theorem lemma3p13:
  fixes n :: nat and u u' v v' :: monomial
  assumes "n \<ge> 7"
    and "add_mset (n - 1) u \<in> set (A_list n)"
    and "add_mset (n - 1) u' \<in> set (A_list n)"
    and "add_mset n v \<in> set (C_list n)"
    and "add_mset n v' \<in> set (C_list n)"
    and "R_greater (n - 2) (u + v) (u' + v')"
  shows "R_greater n (add_mset (n - 1) (add_mset n (u + v)))
                     (add_mset (n - 1) (add_mset n (u' + v')))"
proof -
  define lift :: "nat \<times> nat \<Rightarrow> nat \<times> nat" where "lift = (\<lambda>(i, j). (i, j + length (rooted (n - 5))))"
  have lift_less: "lift p < lift q" if "p < q" for p q
    using that by (cases p; cases q) (auto simp: lift_def less_prod_def)
  have "mono lift"
    by (auto simp: mono_def lift_def less_eq_prod_def)
  have lifted: "factor_pairs (rooted n) (add_mset (n - 1) (add_mset n (a + b))) =
      lift ` factor_pairs (rooted (n - 2)) (a + b)"
    and F2: "add_mset (n - 1) (add_mset n (a + b)) \<in> F2 n"
    if "add_mset (n - 1) a \<in> set (A_list n)" "add_mset n b \<in> set (C_list n)" for a b
  proof -
    show "factor_pairs (rooted n) (add_mset (n - 1) (add_mset n (a + b))) =
        lift ` factor_pairs (rooted (n - 2)) (a + b)"
      unfolding lift_def
      using factor_pairs_rooted_lift A_list_memD C_list_memD assms(1) that by blast
    have "add_mset (n - 1) a \<in> set (rooted n)" "add_mset n b \<in> set (rooted n)"
      using that by (simp_all add: A_list_def C_list_def)
    moreover have "add_mset (n - 1) (add_mset n (a + b)) = add_mset (n - 1) a + add_mset n b"
      by simp
    ultimately show "add_mset (n - 1) (add_mset n (a + b)) \<in> F2 n"
      unfolding F2_def by blast
  qed
  have Min_lift: "Min (lift ` factor_pairs (rooted (n - 2)) M) = lift (Min (factor_pairs (rooted (n - 2)) M))"
    if "M \<in> F2 (n - 2)" for M
  proof -
    from that have "factor_pairs (rooted (n - 2)) M \<noteq> {}"
      by (auto simp: F2_def factor_pairs_nonempty)
    then show ?thesis
      by (rule mono_Min_commute[OF \<open>mono lift\<close> finite_factor_pairs, symmetric])
  qed
  from assms(6) have F2': "u + v \<in> F2 (n - 2)" "u' + v' \<in> F2 (n - 2)"
    and less: "Min (factor_pairs (rooted (n - 2)) (u + v)) < Min (factor_pairs (rooted (n - 2)) (u' + v'))"
    by (simp_all add: R_greater_iff_Min_factor_pairs)
  show ?thesis
    unfolding R_greater_iff_Min_factor_pairs lifted[OF assms(2,4)] lifted[OF assms(3,5)]
      Min_lift[OF F2'(1)] Min_lift[OF F2'(2)]
    using F2[OF assms(2,4)] F2[OF assms(3,5)] lift_less[OF less] by blast
qed

end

- - - - -

> [What you have to do]
The lines above starting at the one that contains "unfolding lift_def" and ending at the one that contains "using that by (simp_all" must be transcribed exactly, and no other lines may appear.

> [Exercise result]
      unfolding lift_def
      using factor_pairs_rooted_lift A_list_memD C_list_memD assms(1) that by blast
    have "add_mset (n - 1) a \<in> set (rooted n)" "add_mset n b \<in> set (rooted n)"
      using that by (simp_all add: A_list_def C_list_def)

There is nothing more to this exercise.